The data:
(* $f_{2,2,1}(q^2,q,q)=J_{1}J_{2}$.
   Context: Let $q=e^{2\pi i\tau}$ with $\operatorname{Im}\tau>0$. For a positive integer $m$, $J_m:=\prod_{i\ge1}(1-q^{mi})$. For positive integers $a,b,c$ and $x,y\in\mathbb{C}^*$, the Hecke-type double-sum is $f_{a,b,c}(x,y,q):=\Big(\sum_{r,s\ge0}-\sum_{r,s<0}\Big)(-1)^{r+s}x^ry^sq^{a\binom{r}{2}+brs+c\binom{s}{2}}$. *)

theory Defs
  imports "HOL-Analysis.Analysis"
begin

definition choose2 :: "int \<Rightarrow> int" where
  "choose2 k = k * (k - 1) div 2"

definition J :: "complex \<Rightarrow> nat \<Rightarrow> complex" where
  "J q m = (\<Prod>i. (1 - q ^ (m * Suc i)))"

definition hecke_f :: "nat \<Rightarrow> nat \<Rightarrow> nat \<Rightarrow> complex \<Rightarrow> complex \<Rightarrow> complex \<Rightarrow> complex" where
  "hecke_f a b c x y q =
     (let t = (\<lambda>(r::int, s::int). (-1) powi (r + s) * x powi r * y powi s *
                 q powi (int a * choose2 r + int b * r * s + int c * choose2 s))
      in infsum t {(r, s). r \<ge> 0 \<and> s \<ge> 0} - infsum t {(r, s). r < 0 \<and> s < 0})"

end

theory Submission
  imports Defs
begin

(* Substituting r = j, s = 2(m - j) + e on the quadrant r, s >= 0 and r = -j, s = -(2(m - j) + e + 1)
   on the quadrant r, s < 0, where j <= m and e is 0 or 1, turns f_{2,2,1}(q^2, q, q) into
   sum_m q^(m^2 + m) alpha_m with alpha_m = (1 - q^(2m+1)) sum_{|j| <= m} (-1)^j q^(m^2 - j^2).

   These alpha_m form a Bailey pair relative to q with beta_n = (-1)^n / (q^2;q^2)_n: a telescoping
   sum reduces sum_r alpha_r / ((q;q)_{n-r} (q;q)_{n+r+1}) to an alternating sum of Gaussian binomial
   coefficients, which Gauss evaluated. Inserting Cauchy's identity
   sum_k q^(k^2 + a k) / ((q;q)_k (q;q)_{k+a}) = 1 / (q;q)_inf with a = 2m + 1 and summing the
   resulting absolutely convergent double series along its diagonals (Bailey's lemma) gives
   sum_m q^(m^2 + m) alpha_m / (q;q)_inf = sum_n (-1)^n q^(n^2 + n) / (q^2;q^2)_n,
   which is (q^2;q^2)_inf by Euler's identity. *)

definition qpoch :: "'a::comm_ring_1 \<Rightarrow> nat \<Rightarrow> 'a" where
  "qpoch x n = (\<Prod>i<n. 1 - x ^ Suc i)"

definition qpoch_inf :: "'a::{comm_ring_1, t2_space} \<Rightarrow> 'a" where
  "qpoch_inf x = prodinf (\<lambda>i. 1 - x ^ Suc i)"

definition qbinom :: "'a::field \<Rightarrow> nat \<Rightarrow> nat \<Rightarrow> 'a" where
  "qbinom x n k = (if k \<le> n then qpoch x n / (qpoch x k * qpoch x (n - k)) else 0)"

(* (1 - x^(2m+1)) sum_{|j| <= m} (-1)^j x^(m^2 - j^2), with the sum split by the sign of j. *)
definition bailey_alpha :: "'a::comm_ring_1 \<Rightarrow> nat \<Rightarrow> 'a" where
  "bailey_alpha x m = (1 - x ^ (2 * m + 1)) *
     ((\<Sum>j\<le>m. (-1) ^ j * x ^ (m * m - j * j)) + (\<Sum>j=1..m. (-1) ^ j * x ^ (m * m - j * j)))"

(* Row r is x^(r^2+r) alpha_r times Cauchy's series with a = 2r + 1; along a diagonal r + k = n
   the powers of x combine to x^(n^2 + n). *)
definition bailey_term :: "'a::field \<Rightarrow> nat \<times> nat \<Rightarrow> 'a" where
  "bailey_term x = (\<lambda>(r, k). x ^ (r * r + r) * bailey_alpha x r *
     (x ^ (k * k + (2 * r + 1) * k) / (qpoch x k * qpoch x (2 * r + 1 + k))))"

lemma qpoch_0 [simp]: "qpoch x 0 = 1"
  by (simp add: qpoch_def)

lemma qpoch_Suc: "qpoch x (Suc n) = qpoch x n * (1 - x ^ Suc n)"
  by (simp add: qpoch_def)

lemma qpoch_double: "qpoch x (2 * n) = (\<Prod>i<n. 1 - x ^ (2 * i + 1)) * qpoch (x ^ 2) n"
proof (induction n)
  case (Suc n)
  have "2 * Suc n = Suc (Suc (2 * n))" by simp
  with Suc.IH show ?case
    by (simp add: qpoch_Suc power_mult[symmetric] algebra_simps del: power_Suc)
qed simp

lemma qbinom_gt [simp]: "n < k \<Longrightarrow> qbinom x n k = 0"
  by (simp add: qbinom_def)

lemma qbinom_symmetric: "k \<le> n \<Longrightarrow> qbinom x n (n - k) = qbinom x n k"
  by (simp add: qbinom_def mult.commute)

lemma Suc_choose_two: "Suc k choose 2 = (k choose 2) + k"
  by (simp add: numeral_2_eq_2)

lemma sum_triangle_swap:
  "(\<Sum>r\<le>n. \<Sum>j=a..r. f r j) = (\<Sum>j=a..n. \<Sum>r=j..(n::nat). f r j)"
proof -
  have "(\<Sum>r\<le>n. \<Sum>j=a..r. f r j)
      = (\<Sum>r\<le>n. \<Sum>j | j \<in> {..n} \<and> a \<le> j \<and> j \<le> r. f r j)"
    by (rule sum.cong) (auto intro: sum.cong)
  also have "\<dots> = (\<Sum>j\<le>n. \<Sum>r | r \<in> {..n} \<and> a \<le> j \<and> j \<le> r. f r j)"
    by (rule sum.swap_restrict) auto
  also have "\<dots> = (\<Sum>j\<le>n. if a \<le> j then \<Sum>r=j..n. f r j else 0)"
    by (rule sum.cong) (auto intro: sum.cong)
  also have "\<dots> = (\<Sum>j | j \<in> {..n} \<and> a \<le> j. \<Sum>r=j..n. f r j)"
    by (rule sum.inter_filter[symmetric]) simp
  also have "{j. j \<in> {..n} \<and> a \<le> j} = {a..n}" by auto
  finally show ?thesis .
qed

lemma summable_norm_geometric_bound:
  fixes c :: "nat \<Rightarrow> 'a::real_normed_vector"
  assumes "0 \<le> t" "t < 1" "\<And>k. norm (c k) \<le> C * t ^ k"
  shows "summable (\<lambda>k. norm (c k))"
proof (rule summable_comparison_test')
  show "summable (\<lambda>k. C * t ^ k)" using assms(1,2) by (intro summable_mult summable_geometric) simp
qed (use assms in simp)

lemma summable_on_Sigma_dominated:
  fixes f :: "'a \<times> 'b \<Rightarrow> 'c::banach"
  assumes "\<And>m. m \<in> A \<Longrightarrow> ((\<lambda>p. g (m, p)) has_sum G m) (B m)" and "G summable_on A"
    and "\<And>m p. m \<in> A \<Longrightarrow> p \<in> B m \<Longrightarrow> norm (f (m, p)) \<le> g (m, p)"
  shows "f summable_on Sigma A B"
proof -
  have "g summable_on Sigma A B"
    using assms by (intro summable_on_SigmaI[where g = G]) (auto intro: order.trans[OF norm_ge_zero])
  then have "(\<lambda>z. norm (f z)) summable_on Sigma A B"
    by (rule Infinite_Sum.abs_summable_on_comparison_test') (use assms(3) in auto)
  then show ?thesis by (rule Infinite_Sum.abs_summable_summable)
qed

context
  fixes x :: "'a::{real_normed_field, banach}"
  assumes norm_x: "norm x < 1"
begin

section \<open>Convergence of the q-Pochhammer symbol\<close>

lemma power_Suc_neq_one: "x ^ Suc i \<noteq> 1"
proof
  assume "x ^ Suc i = 1"
  then have "norm x ^ Suc i = 1" by (metis norm_one norm_power)
  moreover have "norm x ^ Suc i < 1"
    using norm_x by (simp add: power_less_one_iff del: power_Suc)
  ultimately show False by simp
qed

lemma qpoch_nonzero: "qpoch x n \<noteq> 0"
  using power_Suc_neq_one by (auto simp: qpoch_def)

lemma summable_norm_power_Suc: "summable (\<lambda>i. norm x ^ Suc i)"
  using norm_x by (simp add: summable_geometric)

lemma convergent_prod_qpoch: "convergent_prod (\<lambda>i. 1 - x ^ Suc i)"
proof -
  have "summable (\<lambda>i. norm ((1 - x ^ Suc i) - 1))"
    using summable_norm_power_Suc by (simp add: norm_power del: power_Suc)
  then show ?thesis
    by (intro abs_convergent_prod_imp_convergent_prod summable_imp_abs_convergent_prod)
qed

lemma qpoch_LIMSEQ: "qpoch x \<longlonglongrightarrow> qpoch_inf x"
  using convergent_prod_has_prod[OF convergent_prod_qpoch]
  unfolding qpoch_def qpoch_inf_def by (rule has_prod_imp_tendsto')

lemma qpoch_inf_nonzero: "qpoch_inf x \<noteq> 0"
  unfolding qpoch_inf_def
  by (rule prodinf_nonzero) (use convergent_prod_qpoch power_Suc_neq_one in auto)

(* The real product of the 1 - |x|^(i+1) is a positive lower bound. *)
lemma qpoch_norm_lower_bound:
  obtains L where "L > 0" "\<And>n. L \<le> norm (qpoch x n)"
proof
  define r where "r i = 1 - norm x ^ Suc i" for i
  have r_pos: "r i > 0" for i
    using norm_x unfolding r_def by (simp add: power_less_one_iff del: power_Suc)
  have "summable (\<lambda>i. norm (r i - 1))"
    using summable_norm_power_Suc by (simp add: r_def del: power_Suc)
  then have r_prod: "convergent_prod r"
    by (intro abs_convergent_prod_imp_convergent_prod summable_imp_abs_convergent_prod)
  show "prodinf r > 0" by (rule less_0_prodinf[OF r_prod r_pos])
  fix n
  have "prodinf r \<le> prod r {..<n}"
    by (rule prod_ge_prodinf[OF convergent_prod_has_prod[OF r_prod]])
       (use r_pos in \<open>auto simp: r_def less_imp_le\<close>)
  also have "\<dots> \<le> (\<Prod>i<n. norm (1 - x ^ Suc i))"
  proof (rule prod_mono)
    fix i
    have "norm (1::'a) - norm (x ^ Suc i) \<le> norm (1 - x ^ Suc i)"
      by (rule norm_triangle_ineq2)
    then show "0 \<le> r i \<and> r i \<le> norm (1 - x ^ Suc i)"
      using r_pos[of i] by (simp add: r_def norm_power del: power_Suc)
  qed
  also have "\<dots> = norm (qpoch x n)" by (simp add: qpoch_def prod_norm)
  finally show "prodinf r \<le> norm (qpoch x n)" .
qed

lemma norm_power_le: "m \<le> n \<Longrightarrow> norm (x ^ n) \<le> norm x ^ m"
  using norm_x by (simp add: norm_power power_decreasing)

section \<open>Gaussian binomial coefficients\<close>

lemma qbinom_0 [simp]: "qbinom x n 0 = 1"
  using qpoch_nonzero[of n] by (simp add: qbinom_def)

lemma qbinom_self [simp]: "qbinom x n n = 1"
  using qpoch_nonzero[of n] by (simp add: qbinom_def)

lemma qbinom_Suc_Suc: "qbinom x (Suc n) (Suc k) = x ^ Suc k * qbinom x n (Suc k) + qbinom x n k"
proof (cases "k < n")
  case True
  define d where "d = n - Suc k"
  define u v where "u = x ^ Suc k" and "v = x ^ Suc d"
  have "Suc n = Suc k + Suc d" using True by (simp add: d_def)
  then have uv: "x ^ Suc n = u * v" unfolding u_def v_def by (simp only: power_add)
  have qpoch_Suc_uv: "qpoch x (Suc n) = qpoch x n * (1 - u * v)"
    "qpoch x (Suc k) = qpoch x k * (1 - u)" "qpoch x (Suc d) = qpoch x d * (1 - v)"
    by (simp_all only: qpoch_Suc uv flip: u_def v_def)
  have nonzero: "qpoch x n \<noteq> 0" "qpoch x k \<noteq> 0" "qpoch x d \<noteq> 0" "1 - u \<noteq> 0" "1 - v \<noteq> 0"
    using qpoch_nonzero power_Suc_neq_one by (auto simp: u_def v_def)
  have "qbinom x (Suc n) (Suc k) = qpoch x (Suc n) / (qpoch x (Suc k) * qpoch x (Suc d))"
    "qbinom x n (Suc k) = qpoch x n / (qpoch x (Suc k) * qpoch x d)"
    "qbinom x n k = qpoch x n / (qpoch x k * qpoch x (Suc d))"
    using True by (simp_all add: qbinom_def d_def Suc_diff_Suc)
  moreover have "qpoch x n * (1 - u * v) / (qpoch x k * (1 - u) * (qpoch x d * (1 - v)))
      = u * (qpoch x n / (qpoch x k * (1 - u) * qpoch x d)) + qpoch x n / (qpoch x k * (qpoch x d * (1 - v)))"
  proof -
    have partial_fractions: "a * (u * V + U) / (b * U * (c * V)) = u * (a / (b * U * c)) + a / (b * (c * V))"
      if "b \<noteq> 0" "c \<noteq> 0" "U \<noteq> 0" "V \<noteq> 0" for a b c U V :: 'a
      using that by (simp add: field_simps)
    have "1 - u * v = u * (1 - v) + (1 - u)" by (simp add: algebra_simps)
    then show ?thesis by (simp only:) (rule partial_fractions; use nonzero in simp)
  qed
  ultimately show ?thesis by (simp only: qpoch_Suc_uv u_def)
next
  case False
  then show ?thesis by (cases "k = n") auto
qed

lemma qbinom_Suc_Suc': "qbinom x (Suc n) (Suc k) = qbinom x n (Suc k) + x ^ (n - k) * qbinom x n k"
proof (cases "k < n")
  case True
  define d where "d = n - Suc k"
  have "n - k = Suc d" "Suc n - Suc k = Suc d" "n - Suc d = k" "n - d = Suc k"
    using True by (auto simp: d_def)
  then have "qbinom x (Suc n) (Suc k) = qbinom x (Suc n) (Suc d)"
    "qbinom x n (Suc d) = qbinom x n k" "qbinom x n d = qbinom x n (Suc k)"
    using True qbinom_symmetric by (metis Suc_leI d_def diff_le_self le_SucI less_imp_le)+
  with \<open>n - k = Suc d\<close> show ?thesis by (simp add: qbinom_Suc_Suc del: power_Suc)
next
  case False
  then show ?thesis by (cases "k = n") auto
qed

lemma qbinom_absorb: "(1 - x ^ Suc k) * qbinom x (Suc n) (Suc k) = (1 - x ^ Suc n) * qbinom x n k"
proof (cases "k \<le> n")
  case True
  have "1 - x ^ Suc k \<noteq> 0" using power_Suc_neq_one by simp
  with True qpoch_nonzero show ?thesis
    by (simp add: qbinom_def qpoch_Suc field_simps del: power_Suc)
qed simp

theorem qbinomial_theorem: "(\<Sum>k\<le>n. qbinom x n k * x ^ (k choose 2) * z ^ k) = (\<Prod>i<n. 1 + z * x ^ i)"
proof (induction n arbitrary: z)
  case (Suc n)
  define S where "S z = (\<Sum>k\<le>n. qbinom x n k * x ^ (k choose 2) * z ^ k)" for z
  have shift: "(\<Sum>k\<le>Suc n. qbinom x m k * x ^ (k choose 2) * z ^ k)
      = 1 + (\<Sum>k\<le>n. qbinom x m (Suc k) * x ^ (Suc k choose 2) * z ^ Suc k)" for m z
    by (subst sum.atMost_Suc_shift) (simp add: numeral_2_eq_2)
  have "(\<Sum>k\<le>Suc n. qbinom x (Suc n) k * x ^ (k choose 2) * z ^ k)
      = (1 + (\<Sum>k\<le>n. qbinom x n (Suc k) * x ^ (Suc k choose 2) * (x * z) ^ Suc k))
        + z * S (x * z)"
    unfolding shift qbinom_Suc_Suc S_def sum_distrib_left
    by (simp add: sum.distrib algebra_simps Suc_choose_two power_add power_mult_distrib del: power_Suc)
       (simp add: sum.distrib[symmetric] power_Suc algebra_simps)
  also have "1 + (\<Sum>k\<le>n. qbinom x n (Suc k) * x ^ (Suc k choose 2) * (x * z) ^ Suc k) = S (x * z)"
    using shift[of n "x * z"] by (simp add: S_def)
  also have "S (x * z) + z * S (x * z) = (1 + z) * (\<Prod>i<n. 1 + (x * z) * x ^ i)"
    unfolding S_def Suc.IH by (simp add: algebra_simps)
  also have "\<dots> = (\<Prod>i<Suc n. 1 + z * x ^ i)"
    by (simp add: prod.lessThan_Suc_shift algebra_simps del: prod.lessThan_Suc)
  finally show ?case .
qed (simp add: binomial_eq_0)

What is required:
Which lines of the records contain the word "assms"? Copy each of them.

Reply to the task:
  show "summable (\<lambda>k. C * t ^ k)" using assms(1,2) by (intro summable_mult summable_geometric) simp
qed (use assms in simp)
    using assms by (intro summable_on_SigmaI[where g = G]) (auto intro: order.trans[OF norm_ge_zero])
    by (rule Infinite_Sum.abs_summable_on_comparison_test') (use assms(3) in auto)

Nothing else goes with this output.